OK, time for a funny story. In the beginning that is what I proposed this blog would be, funny stories from my life. BUT, it has turned into something else entirely lately and ENOUGH is ENOUGH!
Tanner has a school project due on Friday. He has to build a model of Mission Santa Cruz (there were other choices but that boy loves to build). We are learning all kinds of California history in the process. He and Eric started building it over Xmas break using cardboard (something we have plenty of around here). Once the structure was complete, Tanner and I started working on the details. I am no stranger to crafts, people. I was a first grade teacher for 16 years and have dealt with glitter (god help me) and plenty of children who get carried away with a bottle of Elmer's in their hands. But I guess it's been awhile since I've battled the glue gun.

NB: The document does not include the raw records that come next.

(* Let $q$ be odd, $n\ge2$, $G=\mathbf{SL}_n(q)$, and let $u\in G$ be unipotent of type $(\lambda_1,\dots,\lambda_k)$ with $\lambda_1>2$. Then the conjugacy class $\mathcal{O}_u$ of $u$ in $G$ is of type D.
   Context: Unipotent type $(\lambda_1\ge\dots\ge\lambda_k)$ = sizes of Jordan blocks. Conjugacy classes are racks with $x\triangleright y=xyx^{-1}$. A subrack $Y$ is decomposable if $Y=R\sqcup S$ with nonempty subracks $R,S$, $Y\triangleright R=R$, $Y\triangleright S=S$. Type D: a decomposable subrack $R\sqcup S$ with $r\in R,s\in S$ and $r\triangleright(s\triangleright(r\triangleright s))\neq s$. *)

theory Defs
  imports "Jordan_Normal_Form.Jordan_Normal_Form"
begin

text \<open>A rack is given by a set X and an operation op (x |> y = op x y).
  A subrack Y of X is a subset closed under the operation on which every
  left translation op x (x in Y) is a bijection of Y.\<close>

definition subrack :: "('m \<Rightarrow> 'm \<Rightarrow> 'm) \<Rightarrow> 'm set \<Rightarrow> 'm set \<Rightarrow> bool" where
  "subrack op X Y \<longleftrightarrow> Y \<subseteq> X \<and> (\<forall>x\<in>Y. op x ` Y = Y)"

definition decomposition :: "('m \<Rightarrow> 'm \<Rightarrow> 'm) \<Rightarrow> 'm set \<Rightarrow> 'm set \<Rightarrow> 'm set \<Rightarrow> bool" where
  "decomposition op Y R S \<longleftrightarrow>
     Y = R \<union> S \<and> R \<inter> S = {} \<and> R \<noteq> {} \<and> S \<noteq> {} \<and>
     subrack op Y R \<and> subrack op Y S \<and>
     (\<Union>y\<in>Y. op y ` R) = R \<and> (\<Union>y\<in>Y. op y ` S) = S"

definition rack_type_D :: "('m \<Rightarrow> 'm \<Rightarrow> 'm) \<Rightarrow> 'm set \<Rightarrow> bool" where
  "rack_type_D op X \<longleftrightarrow>
     (\<exists>Y R S. subrack op X Y \<and> decomposition op Y R S \<and>
        (\<exists>r\<in>R. \<exists>s\<in>S. op r (op s (op r s)) \<noteq> s))"

definition SL_mat :: "nat \<Rightarrow> 'a :: field mat set" where
  "SL_mat n = {A \<in> carrier_mat n n. det A = 1}"

definition mat_inv :: "'a :: field mat \<Rightarrow> 'a mat" where
  "mat_inv A = (THE B. B \<in> carrier_mat (dim_row A) (dim_row A) \<and>
                        A * B = 1\<^sub>m (dim_row A) \<and> B * A = 1\<^sub>m (dim_row A))"

definition conj_mat :: "'a :: field mat \<Rightarrow> 'a mat \<Rightarrow> 'a mat" where
  "conj_mat x y = x * y * mat_inv x"

definition conj_class_SL :: "nat \<Rightarrow> 'a :: field mat \<Rightarrow> 'a mat set" where
  "conj_class_SL n u = {conj_mat g u | g. g \<in> SL_mat n}"

definition unipotent_of_type :: "nat \<Rightarrow> 'a :: field mat \<Rightarrow> nat list \<Rightarrow> bool" where
  "unipotent_of_type n u lam \<longleftrightarrow>
     u \<in> carrier_mat n n \<and> lam \<noteq> [] \<and> sorted_wrt (\<ge>) lam \<and>
     jordan_nf u (map (\<lambda>l. (l, 1)) lam)"

end

theory Submission
  imports Defs "HOL-Number_Theory.Residues"
begin

text \<open>Conjugating the Jordan form of \<open>u\<close> by two diagonal matrices, with determinants chosen to
  compensate the similarity so as to stay in \<open>SL\<^sub>n\<close>, gives elements \<open>r\<close>, \<open>s\<close> of the class that are
  upper unitriangular with superdiagonal entries \<open>r\<^sub>0\<^sub>1 = s\<^sub>0\<^sub>1 = c \<noteq> 0\<close>, \<open>r\<^sub>1\<^sub>2 = 1\<close>, \<open>s\<^sub>1\<^sub>2 = -1\<close>;
  this is where a Jordan block of size at least 3 is needed. Conjugation by the unitriangular group
  \<open>U\<close> fixes the superdiagonal, so for odd \<open>q\<close> the \<open>U\<close>-orbits \<open>R\<close> of \<open>r\<close> and \<open>S\<close> of \<open>s\<close> are disjoint, and
  both are invariant under every element of \<open>R \<union> S \<subseteq> U\<close>. Finally \<open>r \<triangleright> (s \<triangleright> (r \<triangleright> s)) = s\<close> would make
  \<open>w = r s r\<close> commute with \<open>s\<close>, and comparing \<open>(0,2)\<close>-entries gives \<open>r\<^sub>0\<^sub>1 s\<^sub>1\<^sub>2 = s\<^sub>0\<^sub>1 r\<^sub>1\<^sub>2\<close>,
  i.e. \<open>c = -c\<close>.\<close>

lemma mat_inv_eqI:
  assumes A: "A \<in> carrier_mat n n" and B: "B \<in> carrier_mat n n" and AB: "A * B = 1\<^sub>m n"
  shows "mat_inv A = B"
  unfolding mat_inv_def
proof (rule the_equality)
  show "B \<in> carrier_mat (dim_row A) (dim_row A) \<and> A * B = 1\<^sub>m (dim_row A) \<and> B * A = 1\<^sub>m (dim_row A)"
    using A B AB mat_mult_left_right_inverse[OF A B AB] by simp
next
  fix C assume C: "C \<in> carrier_mat (dim_row A) (dim_row A) \<and> A * C = 1\<^sub>m (dim_row A) \<and> C * A = 1\<^sub>m (dim_row A)"
  then have "C \<in> carrier_mat n n" "C * A = 1\<^sub>m n" using A by auto
  then have "C = C * (A * B)" using AB by simp
  also have "\<dots> = C * A * B" using A B \<open>C \<in> carrier_mat n n\<close> by (simp add: assoc_mult_mat)
  finally show "C = B" using \<open>C * A = 1\<^sub>m n\<close> B by simp
qed

lemma mat_inv:
  assumes A: "A \<in> carrier_mat n n" and "det A \<noteq> 0"
  shows "mat_inv A \<in> carrier_mat n n" "A * mat_inv A = 1\<^sub>m n" "mat_inv A * A = 1\<^sub>m n"
proof -
  define B where "B = inverse (det A) \<cdot>\<^sub>m adj_mat A"
  have B: "B \<in> carrier_mat n n" "A * B = 1\<^sub>m n"
  proof -
    have "A * B = inverse (det A) \<cdot>\<^sub>m (det A \<cdot>\<^sub>m 1\<^sub>m n)"
      using adj_mat[OF A] A by (simp add: B_def mult_smult_distrib)
    then show "B \<in> carrier_mat n n" "A * B = 1\<^sub>m n"
      using adj_mat[OF A] \<open>det A \<noteq> 0\<close> by (auto intro!: eq_matI simp: B_def)
  qed
  then have "mat_inv A = B" by (rule mat_inv_eqI[OF A])
  then show "mat_inv A \<in> carrier_mat n n" "A * mat_inv A = 1\<^sub>m n" "mat_inv A * A = 1\<^sub>m n"
    using B mat_mult_left_right_inverse[OF A] by auto
qed

lemma mat_inv_mult:
  assumes x: "x \<in> carrier_mat n n" "det x \<noteq> 0" and y: "y \<in> carrier_mat n n" "det y \<noteq> 0"
  shows "mat_inv (x * y) = mat_inv y * mat_inv x"
proof (rule mat_inv_eqI[of _ n])
  note xi = mat_inv[OF x] and yi = mat_inv[OF y]
  have "x * y * (mat_inv y * mat_inv x) = x * ((y * mat_inv y) * mat_inv x)"
    using x y xi(1) yi(1) by (simp add: assoc_mult_mat[of _ n n _ n _ n])
  also have "\<dots> = 1\<^sub>m n" using x xi yi by simp
  finally show "x * y * (mat_inv y * mat_inv x) = 1\<^sub>m n" .
qed (use x y mat_inv[OF x] mat_inv[OF y] in auto)

lemma mat_inv_one: "mat_inv (1\<^sub>m n :: 'a :: field mat) = 1\<^sub>m n"
  by (rule mat_inv_eqI) auto

lemma conj_mat_carrier:
  "x \<in> carrier_mat n n \<Longrightarrow> det x \<noteq> 0 \<Longrightarrow> z \<in> carrier_mat n n \<Longrightarrow> conj_mat x z \<in> carrier_mat n n"
  using mat_inv(1)[of x n] by (simp add: conj_mat_def)

lemma conj_mat_one: "z \<in> carrier_mat n n \<Longrightarrow> conj_mat (1\<^sub>m n) z = z"
  by (simp add: conj_mat_def mat_inv_one)

lemma conj_mat_mult:
  assumes x: "x \<in> carrier_mat n n" "det x \<noteq> 0" and y: "y \<in> carrier_mat n n" "det y \<noteq> 0"
    and z: "z \<in> carrier_mat n n"
  shows "conj_mat x (conj_mat y z) = conj_mat (x * y) z"
  unfolding conj_mat_def mat_inv_mult[OF x y]
  using x y z mat_inv(1)[OF x] mat_inv(1)[OF y] by (simp add: assoc_mult_mat[of _ n n _ n _ n])

lemma conj_mat_eq_iff:
  assumes x: "x \<in> carrier_mat n n" "det x \<noteq> 0" and z: "z \<in> carrier_mat n n" and y: "y \<in> carrier_mat n n"
  shows "conj_mat x z = y \<longleftrightarrow> x * z = y * x"
proof
  assume "conj_mat x z = y"
  then have "y * x = x * z * (mat_inv x * x)"
    using x z mat_inv(1)[OF x] by (auto simp: conj_mat_def assoc_mult_mat[of _ n n _ n _ n])
  then show "x * z = y * x" using x z mat_inv(3)[OF x] by simp
next
  assume "x * z = y * x"
  then have "conj_mat x z = y * (x * mat_inv x)"
    using x y mat_inv(1)[OF x] by (simp add: conj_mat_def assoc_mult_mat[of _ n n _ n _ n])
  then show "conj_mat x z = y" using y mat_inv(2)[OF x] by simp
qed

lemma SL_matD: "g \<in> SL_mat n \<Longrightarrow> g \<in> carrier_mat n n \<and> det g \<noteq> 0"
  by (simp add: SL_mat_def)

lemma SL_mat_mult: "g \<in> SL_mat n \<Longrightarrow> h \<in> SL_mat n \<Longrightarrow> g * h \<in> SL_mat n"
  by (auto simp: SL_mat_def det_mult[of g n h])

lemma conj_mat_mem_conj_class_SL:
  assumes g: "g \<in> SL_mat n" and y: "y \<in> conj_class_SL n u" and u: "u \<in> carrier_mat n n"
  shows "conj_mat g y \<in> conj_class_SL n u"
proof -
  obtain h where h: "h \<in> SL_mat n" "y = conj_mat h u" using y by (auto simp: conj_class_SL_def)
  then have "conj_mat g y = conj_mat (g * h) u"
    using conj_mat_mult u SL_matD[OF g] SL_matD[OF h(1)] by blast
  then show ?thesis using SL_mat_mult[OF g h(1)] by (auto simp: conj_class_SL_def)
qed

I think all glue guns should have that warning printed on them like the coffee cups from McDonald's. "This shit gets REALLY fricking hot. You WILL get burned." That's my idea for the warning. I know, not exactly the same as the coffee cup thing. Anywho, I was doing great until we had to put grass all over the base. Gluing the roof tiles was easy, they are solid squares of cardboard. I put a squeeze of glue and Tanner stuck it on. "Oooh, that feels hot through the cardboard," Tanner says. "You have that right," I respond.
Let's discuss this grass, by the way. I could have just had him color or paint the base green or covered it in green felt. But then I spotted this spanish moss at JoAnn's and thought how realistic it would look. (Dumbass) I realize right away this is gonna get messy. You have to pull the grass apart and it's not so easy. Plus it's falling all over the place and my dog is chewing on it as it hits the floor. There's a comedian who says that glitter is the herpes of craft products (b/c once who have it, it never really goes away). As I'm ripping the moss into sections, I can't get this out of my head. (Squirrel!)